Data for the task:

definition smooth_on_set :: "'a::euclidean_space set \<Rightarrow> ('a \<Rightarrow> 'b::real_normed_vector) \<Rightarrow> bool" where
  "smooth_on_set S f \<longleftrightarrow> (\<forall>z\<in>S. \<exists>U F. open U \<and> z \<in> U \<and> smooth_on U F \<and> (\<forall>w\<in>U \<inter> S. F w = f w))"

definition tangent_space :: "'a::euclidean_space set \<Rightarrow> 'a \<Rightarrow> 'a set" where
  "tangent_space M x = {v. \<exists>\<gamma> e. e > 0 \<and> smooth_on {-e<..<e} \<gamma> \<and>
       (\<forall>t\<in>{-e<..<e}. \<gamma> t \<in> M) \<and> \<gamma> 0 = x \<and> (\<gamma> has_vector_derivative v) (at 0)}"

definition tangent_bundle :: "'a::euclidean_space set \<Rightarrow> ('a \<times> 'a) set" where
  "tangent_bundle M = {(x, v). x \<in> M \<and> v \<in> tangent_space M x}"

text \<open>Retraction: smooth R : TM -> M with R_x(0_x) = x and DR_x(0_x) = id on T_xM
 (the differential of R_x at 0 in direction v is d/dt R_x(t v) at t = 0).\<close>
definition is_retraction :: "'a::euclidean_space set \<Rightarrow> ('a \<times> 'a \<Rightarrow> 'a) \<Rightarrow> bool" where
  "is_retraction M R \<longleftrightarrow>
     (\<forall>z\<in>tangent_bundle M. R z \<in> M) \<and>
     smooth_on_set (tangent_bundle M) R \<and>
     (\<forall>x\<in>M. R (x, 0) = x) \<and>
     (\<forall>x\<in>M. \<forall>v\<in>tangent_space M x. ((\<lambda>t. R (x, t *\<^sub>R v)) has_vector_derivative v) (at 0))"

end

theory Submission
  imports Defs
begin

text \<open>Under the DFT along the tube mode the t-product becomes slicewise matrix multiplication
  and the t-transpose slicewise conjugate transposition. So \<open>St(n,p,l)\<close> consists of the tensors
  whose DFT slices have orthonormal columns, the t-QR decomposition is the slicewise QR
  decomposition, and \<open>qf\<close> is the inverse DFT of slicewise Gram-Schmidt; the Gram-Schmidt
  factors of the slices are the DFT of a real tensor because Gram-Schmidt commutes with complex
  conjugation.

  For a tangent vector \<open>V\<close> at \<open>X\<close> every slice of \<open>X\<^sup>H V\<close> is skew-Hermitian, which forces the
  slices of \<open>X + V\<close> to be injective. Hence \<open>X + V\<close> lies in the open set on which Gram-Schmidt is
  given by field operations, conjugation and square roots of positive reals, and is therefore
  smooth. Finally, differentiating \<open>Q(t) R(t) = X + t V\<close> at \<open>t = 0\<close> shows that \<open>R'(0)\<close> is upper
  triangular with real diagonal and skew-Hermitian, hence zero, so that \<open>Q'(0) = V\<close>.\<close>

section \<open>The tube index and roots of unity\<close>

lemma ix_less_card [simp]: "ix (k::'l::enum) < CARD('l)"
  and enum_nth_ix: "(enum_class.enum :: 'l list) ! ix k = k"
proof -
  have "k \<in> set (enum_class.enum :: 'l list)" by (simp add: enum_UNIV)
  then obtain m where m: "m < length (enum_class.enum :: 'l list)" "(enum_class.enum :: 'l list) ! m = k"
    by (metis in_set_conv_nth)
  show "(enum_class.enum :: 'l list) ! ix k = k" unfolding ix_def
    by (rule LeastI[of _ m]) (use m in auto)
  have "ix k \<le> m" unfolding ix_def by (rule Least_le) (use m in auto)
  then show "ix k < CARD('l)" using m by (simp add: card_UNIV_length_enum)
qed

lemma sl_ix [simp]: "sl (ix k) = (k::'l::enum)"
  by (simp add: sl_def enum_nth_ix)

lemma ix_sl [simp]: "ix (sl m :: 'l::enum) = m mod CARD('l)"
proof -
  let ?e = "enum_class.enum :: 'l list" and ?m = "m mod CARD('l)"
  have "?e ! ix (?e ! ?m) = ?e ! ?m" by (rule enum_nth_ix)
  moreover have "ix (?e ! ?m) < length ?e" "?m < length ?e"
    by (simp_all add: card_UNIV_length_enum[symmetric])
  ultimately show ?thesis
    using enum_distinct nth_eq_iff_index_eq by (metis sl_def)
qed

lemma ix_eq_iff: "ix (a::'l::enum) = ix b \<longleftrightarrow> a = b"
  by (metis sl_ix)

lemma sum_UNIV_sl: "(\<Sum>k\<in>UNIV. f k) = (\<Sum>m<CARD('l::enum). f (sl m :: 'l))"
  by (rule sum.reindex_bij_witness[where i=sl and j=ix]) auto

lemma omega_power: "omega TYPE('l::enum) ^ n = cis (- 2 * pi * real n / real CARD('l))"
  by (simp add: omega_def Complex.DeMoivre mult.commute)

lemma norm_omega_power [simp]: "norm (omega TYPE('l::enum) ^ n) = 1"
  by (simp add: omega_power)

lemma omega_power_eq_1_iff: "omega TYPE('l::enum) ^ d = 1 \<longleftrightarrow> CARD('l) dvd d"
proof -
  have "exp (2 * of_real pi * \<i> * of_nat d / of_nat CARD('l)) = cis (2 * pi * real d / real CARD('l))"
    by (simp add: cis_conv_exp mult.commute mult.left_commute)
  then have "omega TYPE('l) ^ d = cnj (exp (2 * of_real pi * \<i> * of_nat d / of_nat CARD('l)))"
    by (simp add: omega_power cis_cnj)
  then have "omega TYPE('l) ^ d = 1 \<longleftrightarrow> exp (2 * of_real pi * \<i> * of_nat d / of_nat CARD('l)) = 1"
    by (metis complex_cnj_cnj complex_cnj_one)
  also have "\<dots> \<longleftrightarrow> CARD('l) dvd d"
    by (rule complex_root_unity_eq_1) (simp add: Suc_leI)
  finally show ?thesis .
qed

lemma omega_power_mod: "omega TYPE('l::enum) ^ (a mod CARD('l)) = omega TYPE('l) ^ a"
proof -
  have "omega TYPE('l) ^ a = omega TYPE('l) ^ (a mod CARD('l)) * (omega TYPE('l) ^ CARD('l)) ^ (a div CARD('l))"
    by (metis mod_mult_div_eq power_add power_mult)
  moreover have "omega TYPE('l) ^ CARD('l) = 1" by (simp add: omega_power_eq_1_iff)
  ultimately show ?thesis by simp
qed

lemma omega_power_add_mod:
  "omega TYPE('l::enum) ^ (a * ((b + c) mod CARD('l))) = omega TYPE('l) ^ (a * b) * omega TYPE('l) ^ (a * c)"
  by (metis omega_power_mod mod_mult_right_eq power_add add_mult_distrib2)

lemma omega_power_cnj:
  assumes "CARD('l::enum) dvd (x + y)"
  shows "omega TYPE('l) ^ x = cnj (omega TYPE('l) ^ y)"
proof -
  let ?a = "omega TYPE('l) ^ x" and ?b = "omega TYPE('l) ^ y"
  have "?a * ?b = 1" using assms by (simp add: omega_power_eq_1_iff power_add[symmetric])
  moreover have "cnj ?b * ?b = 1"
    by (metis complex_norm_square mult.commute norm_omega_power of_real_1 power_one)
  moreover have "?b \<noteq> 0" by (metis norm_omega_power norm_zero zero_neq_one)
  ultimately show ?thesis by (metis mult_right_cancel)
qed

lemma cnj_omega_power: "cnj (omega TYPE('l::enum) ^ n) = omega TYPE('l) ^ (n * (CARD('l) - 1))"
proof (rule omega_power_cnj[symmetric])
  have "n * (CARD('l) - 1) + n = n * CARD('l)"
    by (simp add: algebra_simps)
  then show "CARD('l) dvd (n * (CARD('l) - 1) + n)" by simp
qed

lemma dvd_add_mult_pred_iff:
  fixes a b L :: nat
  assumes "a < L" "b < L"
  shows "L dvd (a + b * (L - 1)) \<longleftrightarrow> a = b"
proof -
  have "int (a + b * (L - 1)) = int a + int b * (int L - 1)"
    using assms by (simp add: of_nat_diff)
  also have "\<dots> = int a - int b + int b * int L"
    by (simp add: algebra_simps)
  finally have "L dvd (a + b * (L - 1)) \<longleftrightarrow> int L dvd (int a - int b)"
    by (metis int_dvd_int_iff dvd_add_times_triv_right_iff mult.commute)
  also have "\<dots> \<longleftrightarrow> a = b"
  proof
    assume "int L dvd (int a - int b)"
    moreover have "\<bar>int a - int b\<bar> < int L" using assms by auto
    ultimately show "a = b" using dvd_imp_le_int[of "int a - int b" "int L"] by force
  qed simp
  finally show ?thesis .
qed

lemma omega_orthogonality:
  assumes "a < CARD('l::enum)" "b < CARD('l)"
  shows "(\<Sum>k\<in>(UNIV::'l set). omega TYPE('l) ^ (ix k * a) * cnj (omega TYPE('l) ^ (ix k * b)))
       = (if a = b then of_nat CARD('l) else 0)"
proof -
  let ?L = "CARD('l)" and ?w = "omega TYPE('l)"
  let ?d = "a + b * (?L - 1)"
  note dvd_iff = dvd_add_mult_pred_iff[OF assms]
  have "?w ^ (ix k * a) * cnj (?w ^ (ix k * b)) = (?w ^ ?d) ^ ix k" for k :: 'l
  proof -
    have "?w ^ (ix k * a) * cnj (?w ^ (ix k * b)) = ?w ^ (ix k * a + ix k * b * (?L - 1))"
      by (simp only: cnj_omega_power power_add)
    also have "ix k * a + ix k * b * (?L - 1) = ?d * ix k"
      by (simp add: algebra_simps)
    finally show ?thesis by (simp only: power_mult)
  qed
  then have "(\<Sum>k\<in>(UNIV::'l set). ?w ^ (ix k * a) * cnj (?w ^ (ix k * b))) = (\<Sum>m<?L. (?w ^ ?d) ^ m)"
    by (simp add: sum_UNIV_sl)
  also have "\<dots> = (if a = b then of_nat ?L else 0)"
  proof (cases "a = b")
    case True
    then have "?w ^ ?d = 1" using dvd_iff omega_power_eq_1_iff by blast
    then show ?thesis using True by simp
  next
    case False
    then have "?w ^ ?d \<noteq> 1" using dvd_iff omega_power_eq_1_iff by blast
    moreover have "(?w ^ ?d) ^ ?L = 1"
      by (metis power_mult mult.commute omega_power_eq_1_iff dvd_triv_left)
    ultimately show ?thesis using False by (simp add: geometric_sum)
  qed
  finally show ?thesis .
qed

section \<open>The DFT along the tube mode\<close>

definition tdiff :: "'l::enum \<Rightarrow> 'l \<Rightarrow> 'l" where
  "tdiff k c = sl ((ix k + CARD('l) - ix c) mod CARD('l))"

lemma ix_tdiff: "ix (tdiff k c) = (ix k + CARD('l) - ix c) mod CARD('l)" for k c :: "'l::enum"
  by (simp add: tdiff_def)

lemma tprod_nth:
  fixes A :: "real^('l::enum)^'p^'n" and B :: "real^('l::enum)^'q^'p"
  shows "(A \<star> B)$i$j$k = (\<Sum>m\<in>UNIV. \<Sum>k'\<in>UNIV. A$i$m$(tdiff k k') * B$m$j$k')"
  unfolding tprod_def fold_t_def bcirc_def unfold_t_def matrix_matrix_mult_def tdiff_def
  by (simp add: UNIV_Times_UNIV[symmetric] sum.cartesian_product case_prod_beta del: UNIV_Times_UNIV)

lemma dft_nth:
  fixes A :: "real^('l::enum)^'p^'n"
  shows "dft A $i$j$k = (\<Sum>k'\<in>UNIV. omega TYPE('l) ^ (ix k * ix k') * complex_of_real (A$i$j$k'))"
  unfolding dft_def by simp

lemma mod_add_diff_mod:
  assumes "x < (L::nat)" "c < L"
  shows "((x + c) mod L + L - c) mod L = x" and "((x + L - c) mod L + c) mod L = x"
proof -
  show "((x + c) mod L + L - c) mod L = x"
  proof (cases "x + c < L")
    case False
    then have "(x + c) mod L = x + c - L" using assms by (simp add: mod_if)
    then show ?thesis using assms False by simp
  qed (use assms in simp)
  show "((x + L - c) mod L + c) mod L = x"
  proof (cases "c \<le> x")
    case True
    then have "(x + L - c) mod L = x - c" using assms
      by (metis add.commute add_diff_assoc mod_add_self2 mod_less diff_less_Suc less_imp_diff_less)
    then show ?thesis using assms True by simp
  next
    case False
    then have "(x + L - c) mod L = x + L - c" using assms by simp
    then show ?thesis using assms False by (simp add: mod_if)
  qed
qed

lemma sum_omega_shift:
  fixes f :: "'l::enum \<Rightarrow> complex"
  shows "(\<Sum>k\<in>UNIV. omega TYPE('l) ^ (n * ix k) * f (tdiff k c))
        = omega TYPE('l) ^ (n * ix c) * (\<Sum>a\<in>UNIV. omega TYPE('l) ^ (n * ix a) * f a)"
proof -
  define h :: "'l \<Rightarrow> 'l" where "h a = sl ((ix a + ix c) mod CARD('l))" for a
  have ix_h: "ix (h a) = (ix a + ix c) mod CARD('l)" for a by (simp add: h_def)
  have tdiff_h: "tdiff (h a) c = a" for a
    using mod_add_diff_mod(1)[OF ix_less_card ix_less_card, of a c] by (metis ix_h ix_tdiff ix_eq_iff)
  have h_tdiff: "h (tdiff k c) = k" for k
    using mod_add_diff_mod(2)[OF ix_less_card ix_less_card, of k c] by (metis ix_h ix_tdiff ix_eq_iff)
  have "(\<Sum>k\<in>UNIV. omega TYPE('l) ^ (n * ix k) * f (tdiff k c))
      = (\<Sum>a\<in>UNIV. omega TYPE('l) ^ (n * ix c) * (omega TYPE('l) ^ (n * ix a) * f a))"
  proof (rule sum.reindex_bij_witness[where i=h and j="\<lambda>k. tdiff k c"])
    fix k :: 'l
    have "ix k = (ix (tdiff k c) + ix c) mod CARD('l)" by (metis ix_h h_tdiff)
    then have "omega TYPE('l) ^ (n * ix k) = omega TYPE('l) ^ (n * ix (tdiff k c)) * omega TYPE('l) ^ (n * ix c)"
      by (simp only: omega_power_add_mod)
    then show "omega TYPE('l) ^ (n * ix c) * (omega TYPE('l) ^ (n * ix (tdiff k c)) * f (tdiff k c)) =
        omega TYPE('l) ^ (n * ix k) * f (tdiff k c)" by (simp only: mult_ac)
  qed (auto simp: tdiff_h h_tdiff)
  then show ?thesis by (simp add: sum_distrib_left)
qed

Task description: Begin with the line that has "then show ?thesis using assms True" in the listing above and end after the line that has "using mod_add_diff_mod(1)[OF ix_less_card"; output those lines exactly.

Task response:
    then show ?thesis using assms True by simp
  next
    case False
    then have "(x + L - c) mod L = x + L - c" using assms by simp
    then show ?thesis using assms False by (simp add: mod_if)
  qed
qed

lemma sum_omega_shift:
  fixes f :: "'l::enum \<Rightarrow> complex"
  shows "(\<Sum>k\<in>UNIV. omega TYPE('l) ^ (n * ix k) * f (tdiff k c))
        = omega TYPE('l) ^ (n * ix c) * (\<Sum>a\<in>UNIV. omega TYPE('l) ^ (n * ix a) * f a)"
proof -
  define h :: "'l \<Rightarrow> 'l" where "h a = sl ((ix a + ix c) mod CARD('l))" for a
  have ix_h: "ix (h a) = (ix a + ix c) mod CARD('l)" for a by (simp add: h_def)
  have tdiff_h: "tdiff (h a) c = a" for a
    using mod_add_diff_mod(1)[OF ix_less_card ix_less_card, of a c] by (metis ix_h ix_tdiff ix_eq_iff)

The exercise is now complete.